* Thailand population ageing at the fastest rate in Southeast Asia
* Thailand attracting surging numbers of foreigner retirees
* Large-scale investment going into Thai aged care facilities
By Chayut Setboonsarng and Panarat Thepgumpanat
BANGKOK, April 11 (Reuters) - At 79, Thai businessman Boon Vasin's latest $500 million venture is a bet on a market he knows well - looking after Thailand's rapidly growing population of old people.
Not only is Thailand ageing faster than its neighbours, but it is also becoming an increasingly popular retirement option for foreigners attracted by its agreeable climate, low living and health costs and culture of service.
"We will look after them from their waking hours until they go to sleep," said Boon, chairman of the Thonburi Healthcare Group Pcl. "This group has big spending capacity."
His Jin Wellbeing County is a 'medical city' for Thai and foreign retirees being built across more than two hectares (5 acres) on the outskirts of Bangkok.
The first of nearly 500 housing units being sold in an initial phase are being marketed for nearly $130,000, plus additional fees of 7,000-8,000 baht ($224 - $385) a month for meals and services ranging from fitness sessions to excursions.
Boon predicts care services will yield recurring profits of up to 240 million baht each year from the project, plus unit sales and medical services.
Together with China, Thailand is aging much faster than its regional neighbors. By 2040 it is expected to have the highest share of elderly people of any developing country in East Asia, according to the World Bank.
Thailand has 7.5 million people aged 65 and over, a figure projected to swell to 17 million by 2040 - more than a quarter of the expected population.
That's partly due to improving medical care extending life expectancies, but also a fall in birth rates from an average of more than six children per woman in 1960 to 1.5 in 2015.
In the past, generations of the same Thai family lived under the same roof and ederly were cared for by their offspring.

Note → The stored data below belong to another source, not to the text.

section \<open>The complete graph on five vertices\<close>

definition complete_graph :: "nat set \<Rightarrow> nat \<Rightarrow> nat \<Rightarrow> bool" where
  "complete_graph V u v \<longleftrightarrow> u \<in> V \<and> v \<in> V \<and> u \<noteq> v"

lemma no_five_intervals_with_mutual_sight:
  fixes I :: "nat \<Rightarrow> real set"
  assumes "\<And>i. is_interval (I i)"
    and sight: "\<And>a b. a < b \<Longrightarrow> b < 5 \<Longrightarrow> \<exists>x \<in> I a \<inter> I b. \<forall>c. a < c \<longrightarrow> c < b \<longrightarrow> x \<notin> I c"
  shows False
proof -
  \<comment> \<open>\<open>I 0\<close> and \<open>I 4\<close> only serve as endpoints of lines of sight past the middle intervals\<close>
  obtain p where "p \<in> I 1" "p \<in> I 3" "p \<notin> I 2"
    using sight[of 1 3] by auto
  moreover obtain q where "q \<in> I 1" "q \<in> I 2"
    using sight[of 1 2] by auto
  moreover obtain r where "r \<in> I 2" "r \<in> I 3"
    using sight[of 2 3] by auto
  moreover obtain s where "s \<in> I 2" "s \<notin> I 1"
    using sight[of 0 2] by auto
  moreover obtain t where "t \<in> I 2" "t \<notin> I 3"
    using sight[of 2 4] by auto
  moreover obtain u where "u \<in> I 3" "u \<notin> I 1" "u \<notin> I 2"
    using sight[of 0 3] by auto
  moreover obtain w where "w \<in> I 1" "w \<notin> I 2" "w \<notin> I 3"
    using sight[of 1 4] by auto
  ultimately show False
    using no_three_intervals_pattern[of "I 1" "I 2" "I 3" p q r s t u w] assms(1) by blast
qed

lemma complete_graph_not_bar_0_vis_graph:
  assumes "5 \<le> card V"
  shows "\<not> bar_k_vis_graph 0 V (complete_graph V)"
proof
  assume "bar_k_vis_graph 0 V (complete_graph V)"
  then obtain B where disj: "pairwise_disjoint_on V (\<lambda>v. bar_points (B v))"
    and adj: "\<forall>u v. complete_graph V u v \<longleftrightarrow> u \<in> V \<and> v \<in> V \<and> u \<noteq> v \<and> bar_k_visible 0 V B u v"
    unfolding bar_k_vis_graph_def by blast
  have vis: "bar_k_visible 0 V B u v" if "u \<in> V" "v \<in> V" "u \<noteq> v" for u v
    using adj that unfolding complete_graph_def by blast
  have "finite V"
    using assms card.infinite by force
  define h where "h v = bar_height (B v)" for v
  have "inj_on h V"
    unfolding h_def using inj_on_bar_height[OF disj vis] .
  then obtain e :: "nat \<Rightarrow> nat"
    where e: "\<And>i. i < 5 \<Longrightarrow> e i \<in> V" "\<And>i j. i < j \<Longrightarrow> j < 5 \<Longrightarrow> h (e i) < h (e j)"
    using ex_increasing_enumeration[OF \<open>finite V\<close> _ assms] by blast
  show False
  proof (rule no_five_intervals_with_mutual_sight[of "\<lambda>i. bar_span (B (e i))"])
    fix a b :: nat
    assume "a < b" "b < 5"
    then have "a < 5" "e a \<noteq> e b"
      using e(2)[of a b] by auto
    then obtain x where x: "x \<in> bar_span (B (e a))" "x \<in> bar_span (B (e b))"
      and clear: "\<And>w. w \<in> V - {e a, e b} \<Longrightarrow> h w \<in> closed_segment (h (e a)) (h (e b)) \<Longrightarrow>
                    x \<notin> bar_span (B w)"
      using bar_0_visible_sight[OF \<open>finite V\<close> vis[OF e(1) e(1)]] \<open>b < 5\<close>
      unfolding h_def by blast
    have "x \<notin> bar_span (B (e c))" if "a < c" "c < b" for c
    proof (rule clear)
      have "h (e a) < h (e c)" "h (e c) < h (e b)"
        using e(2) that \<open>b < 5\<close> by simp_all
      then show "e c \<in> V - {e a, e b}" "h (e c) \<in> closed_segment (h (e a)) (h (e b))"
        using e(1) that \<open>b < 5\<close> by (auto simp: closed_segment_eq_real_ivl)
    qed
    with x show "\<exists>x \<in> bar_span (B (e a)) \<inter> bar_span (B (e b)).
                   \<forall>c. a < c \<longrightarrow> c < b \<longrightarrow> x \<notin> bar_span (B (e c))"
      by blast
  qed (rule is_interval_bar_span)
qed

lemma lessThan_five: "{..<5::nat} = {0, 1, 2, 3, 4}"
  by auto

lemma lessThan_four: "{..<4::nat} = {0, 1, 2, 3}"
  by auto

lemmas ray_arithmetic = ray_point_in_arc_iff arc_disjoint_ray_segment_iff angle_in_iff
  closed_segment_eq_real_ivl lessThan_five lessThan_four

definition K5_arcs :: "nat \<Rightarrow> real \<times> real \<times> real" where
  "K5_arcs w =
     (if w = 0 then (2, ang 6, ang 20) else if w = 1 then (1, ang 4, ang 8)
      else if w = 2 then (1, ang 10, ang 18) else if w = 3 then (1, ang 19, ang 26)
      else (4, ang 12, ang 32))"

lemma K5_arcs_visible:
  assumes "u < 5" "v < 5" "u \<noteq> v"
  shows "arc_k_visible k {..<5} K5_arcs u v"
proof -
  have vis:
    "arc_k_visible k {..<5} K5_arcs 0 1" "arc_k_visible k {..<5} K5_arcs 0 2"
    "arc_k_visible k {..<5} K5_arcs 0 3" "arc_k_visible k {..<5} K5_arcs 0 4"
    "arc_k_visible k {..<5} K5_arcs 1 2" "arc_k_visible k {..<5} K5_arcs 1 3"
    "arc_k_visible k {..<5} K5_arcs 1 4" "arc_k_visible k {..<5} K5_arcs 2 3"
    "arc_k_visible k {..<5} K5_arcs 2 4" "arc_k_visible k {..<5} K5_arcs 3 4"
  proof -
    show "arc_k_visible k {..<5} K5_arcs 0 1"
      by (rule arc_k_visible_along_ray[where r = 2 and r' = 1 and g = 7])
        (simp_all add: K5_arcs_def ray_arithmetic)
    show "arc_k_visible k {..<5} K5_arcs 0 2"
      by (rule arc_k_visible_along_ray[where r = 2 and r' = 1 and g = 11])
        (simp_all add: K5_arcs_def ray_arithmetic)
    show "arc_k_visible k {..<5} K5_arcs 0 3"
      by (rule arc_k_visible_along_ray[where r = 2 and r' = "-1" and g = 9])
        (simp_all add: K5_arcs_def ray_arithmetic)
    show "arc_k_visible k {..<5} K5_arcs 0 4"
      by (rule arc_k_visible_along_ray[where r = 2 and r' = 4 and g = 7])
        (simp_all add: K5_arcs_def ray_arithmetic)
    show "arc_k_visible k {..<5} K5_arcs 1 2"
      by (rule arc_k_visible_along_ray[where r = 1 and r' = "-1" and g = 5])
        (simp_all add: K5_arcs_def ray_arithmetic)
    show "arc_k_visible k {..<5} K5_arcs 1 3"
      by (rule arc_k_visible_along_ray[where r = 1 and r' = "-1" and g = "15 / 2"])
        (simp_all add: K5_arcs_def ray_arithmetic)
    show "arc_k_visible k {..<5} K5_arcs 1 4"
      by (rule arc_k_visible_along_ray[where r = 1 and r' = 4 and g = 5])
        (simp_all add: K5_arcs_def ray_arithmetic)
    show "arc_k_visible k {..<5} K5_arcs 2 3"
      by (rule arc_k_visible_along_ray[where r = 1 and r' = "-1" and g = 11])
        (simp_all add: K5_arcs_def ray_arithmetic)
    show "arc_k_visible k {..<5} K5_arcs 2 4"
      by (rule arc_k_visible_along_ray[where r = 1 and r' = "-4" and g = 15])
        (simp_all add: K5_arcs_def ray_arithmetic)
    show "arc_k_visible k {..<5} K5_arcs 3 4"
      by (rule arc_k_visible_along_ray[where r = 1 and r' = 4 and g = 25])
        (simp_all add: K5_arcs_def ray_arithmetic)
  qed
  from assms(1,2) have "u = 0 \<or> u = 1 \<or> u = 2 \<or> u = 3 \<or> u = 4" "v = 0 \<or> v = 1 \<or> v = 2 \<or> v = 3 \<or> v = 4"
    by auto
  then show ?thesis
    using assms(3) vis vis[THEN arc_k_visible_commute[THEN iffD1]] by (elim disjE) simp_all
qed

lemma K5_arc_graph: "arc_k_vis_graph k {..<5} (complete_graph {..<5})"
proof -
  have "pairwise_disjoint_on {..<5} (\<lambda>v. arc_points (K5_arcs v))"
    by (rule pairwise_disjoint_onI)
      (auto simp: lessThan_five K5_arcs_def arc_points_disjoint_of_radius arc_points_disjoint_of_angle_gap)
  moreover have "\<forall>v\<in>{..<5}. valid_arc (K5_arcs v)"
    by (simp add: lessThan_five K5_arcs_def valid_arc_ang)
  ultimately show ?thesis
    unfolding arc_k_vis_graph_def complete_graph_def using K5_arcs_visible by blast
qed

section \<open>The 4-cycle\<close>

definition cycle4 :: "nat \<Rightarrow> nat \<Rightarrow> bool" where
  "cycle4 u v \<longleftrightarrow> u < 4 \<and> v < 4 \<and> odd (u + v)"

lemma no_interval_cycle4_with_blocking:
  fixes I :: "nat \<Rightarrow> real set" and y :: "nat \<Rightarrow> real"
  assumes "\<And>w. is_interval (I w)"
    and "I 0 \<inter> I 1 \<noteq> {}" "I 1 \<inter> I 2 \<noteq> {}" "I 2 \<inter> I 3 \<noteq> {}" "I 3 \<inter> I 0 \<noteq> {}"
    and blocked02: "\<And>x. x \<in> I 0 \<Longrightarrow> x \<in> I 2 \<Longrightarrow>
      x \<in> I 1 \<and> x \<in> I 3 \<and> y 1 \<in> closed_segment (y 0) (y 2) \<and> y 3 \<in> closed_segment (y 0) (y 2)"
    and blocked13: "\<And>x. x \<in> I 1 \<Longrightarrow> x \<in> I 3 \<Longrightarrow>
      x \<in> I 0 \<and> x \<in> I 2 \<and> y 0 \<in> closed_segment (y 1) (y 3) \<and> y 2 \<in> closed_segment (y 1) (y 3)"
    and heights: "\<And>x w. w \<in> {1, 3} \<Longrightarrow> x \<in> I 0 \<Longrightarrow> x \<in> I w \<Longrightarrow> y 0 \<noteq> y w"
  shows False
proof -
  have "I 0 \<inter> I 2 = {}"
  proof (rule ccontr)
    assume "I 0 \<inter> I 2 \<noteq> {}"
    then obtain x where "x \<in> I 0" "x \<in> I 2"
      by blast
    with blocked02 blocked13 have "x \<in> I 1" "x \<in> I 3" "y 0 = y 1 \<or> y 0 = y 3"
      using mutually_between_eq by blast+
    with heights \<open>x \<in> I 0\<close> show False
      by blast
  qed
  moreover have "I 1 \<inter> I 3 = {}"
    using blocked13 calculation by blast
  ultimately show False
    using interval_cycle4_chord[of "I 0" "I 1" "I 2" "I 3"] assms(1-5) by blast
qed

But the changing population balance as well as a shift from the countryside to towns means that's increasingly impractical.
Real estate developers are already tapping the market.
A residential project worth $160 million by developer Magnolia Quality Development Corporation, which is scheduled to open in 2022, will include a wellness centre offering elderly care services with specialists in areas such as dementia, said chief executive Visit Malaisirirat.
All the homes in SC Asset Corporation Pcl's $350 million luxury brand are equipped with designs aimed at the elderly, the group's marketing head, Nattagit Sirirat, told Reuters.
This includes shock absorbent floors and wheelchair access.
"We worked with Siam Cement, which designed a shock absorbing compound to use in flooring," he said. The company was "closely studying retirement homes and communities" and was considering a partnership with a local private hospital operator to build a retirement community, he added, while declining to divulge predicted returns.
For his care home, Boon is focusing on people with an income of over 100,000 baht a month - and not just Thais. The aim is to sell at least 20 percent of the project to foreigners, who are targeted along with locals in marketing materials.
"We have Chinese and Japanese buyers who are interested," he said.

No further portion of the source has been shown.